18:29:43 <SumitNaiksatam> yeah, or any others in the future
18:30:12 <SridarK> SumitNaiksatam:  so u mean that the keyspecs is just a string
18:30:13 <SumitNaiksatam> perhaps, the key specs can be defined as constants in the attributes module
18:30:19 <RajeshMohan> SumitNaiksatam: I am ok with that - I did this foe flexibility (as you mentioned)
18:30:38 <SumitNaiksatam> the key specs is optional right?
18:30:46 <RajeshMohan> SumitNaiksatam: Yes
18:31:03 <SumitNaiksatam> so i was thinking that we don't use it
18:31:32 <SumitNaiksatam> instead always check against a fixed list of strings (routers, networks, subnets, ports)
18:31:36 <RajeshMohan> SumitNaiksatam: I thought -not requiring to change attribute file - will be a good thing
18:31:49 <RajeshMohan> SumitNaiksatam: but if you think it helps in reviews, I can make the change
18:32:23 <SumitNaiksatam> RajeshMohan: at this point i am not sure what others think, i am coming from the perspective of there being a standard contract for all services
18:32:46 <SumitNaiksatam> it makes it easier from the user's standpoint to understand the semantics
18:33:47 <SumitNaiksatam> do you guys agree?
18:34:00 <SridarK> Hmm i still a bit on the wall
18:34:11 <SridarK> it is more flexible for sure
18:34:33 <SridarK> but potentially some anbiguity for the end user
18:34:57 <RajeshMohan> SumitNaiksatam: in service context chain - some common definition of all possible service context makes sense
18:35:08 <SumitNaiksatam> RajeshMohan: thats a good point
18:35:15 <SumitNaiksatam> SridarK: yeah
18:36:46 <SumitNaiksatam> SridarK: thanks for posting the CLI patch
18:37:08 <SumitNaiksatam> RajeshMohan: you had some issues with using the CLI?
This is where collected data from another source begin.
definition unitary_frame :: "(real^'m \<Rightarrow> real^'m) \<Rightarrow> (real^'m \<Rightarrow> real^'m \<Rightarrow> real) \<Rightarrow> nat \<Rightarrow> (nat \<Rightarrow> complex^'m) \<Rightarrow> bool" where
  "unitary_frame J g n Z \<longleftrightarrow> CARD('m) = 2 * n \<and>
     (\<forall>j<n. ext1 J (Z j) = \<i> *s Z j) \<and>
     (\<forall>j<n. \<forall>k<n. extf g (Z j) (conjv (Z k)) = (if j = k then 1 else 0))"

text \<open>Theta(g)(Z_j, Z_{bar k}) = S_{j bar k} + 1/2 Q^2_{j bar k}, written in the unitary frame Z
(where g^{bar r s} = delta_{rs}).\<close>
definition S_chern where
  "S_chern mu g nab n Z j k =
     (\<Sum>r<n. extf g (curvC mu nab (Z r) (conjv (Z r)) (Z j)) (conjv (Z k)))"

definition Q2 where
  "Q2 mu g nab n Z j k =
     (\<Sum>r<n. \<Sum>p<n. extf g (torsC mu nab (Z r) (Z p)) (conjv (Z k)) *
                    extf g (torsC mu nab (conjv (Z r)) (conjv (Z p))) (Z j))"

definition Theta where
  "Theta mu g nab n Z j k = S_chern mu g nab n Z j k + (1/2) * Q2 mu g nab n Z j k"

end

(*
  For X of type (1,0) and Y of type (0,1), the vanishing (1,1)-torsion of the Chern connection
  together with J nabla = nabla J forces nabla_X Y = mu(X,Y)^{0,1} and nabla_Y X = mu(Y,X)^{1,0}.
  Metric compatibility then turns every term of S and Q^2 in the unitary frame into pairings of
  brackets; the unknown derivatives nabla_{Z_r} Z_j are of type (1,0) and are eliminated by
  expanding them in the frame. Since mu(g,g) and J mu(g,g) are central, so are the (1,0)- and
  (0,1)-parts of every bracket, and every term in which such a part is bracketed again vanishes.
  Apart from the claimed terms, only K = sum_r g(mu(Z_r,Z_kbar)^{0,1}, mu(Z_rbar,Z_j)^{1,0})
  survives; it enters S with coefficient -1 and Q^2 with coefficient 2, so it cancels in
  Theta = S + Q^2/2.
*)

theory Submission
  imports Defs
begin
18:37:41 <SridarK> SumitNaiksatam: No worries -  i am doing the validation for now - but we can discuss ur suggestion to defer resource validation to the backend
18:37:43 <RajeshMohan> SumitNaiksatam: yes I tried and it did not work for me - send email to Sridar
18:37:58 <SumitNaiksatam> okay
18:38:18 <SumitNaiksatam> RajeshMohan: before that, garyduan had some concerns on the terminology and the db model
18:38:24 <SridarK> SumitNaiksatam: RajeshMohan: I tried to check on the msg formatting to make sure that it is aligned with the backend
18:38:31 <SridarK> still debugging some UT issue
18:38:49 <SumitNaiksatam> SridarK: thanks, let us know when you think its working
18:38:57 <SridarK> will sync with RajeshMohan: on this patch and then make sure it works
18:39:01 <SumitNaiksatam> RajeshMohan: earlier question
18:39:04 <SridarK> *his
18:40:23 <RajeshMohan> SumitNaiksatam: you mean the review comments from Gary
18:40:35 <RajeshMohan> SumitNaiksatam: or was there some offline comments?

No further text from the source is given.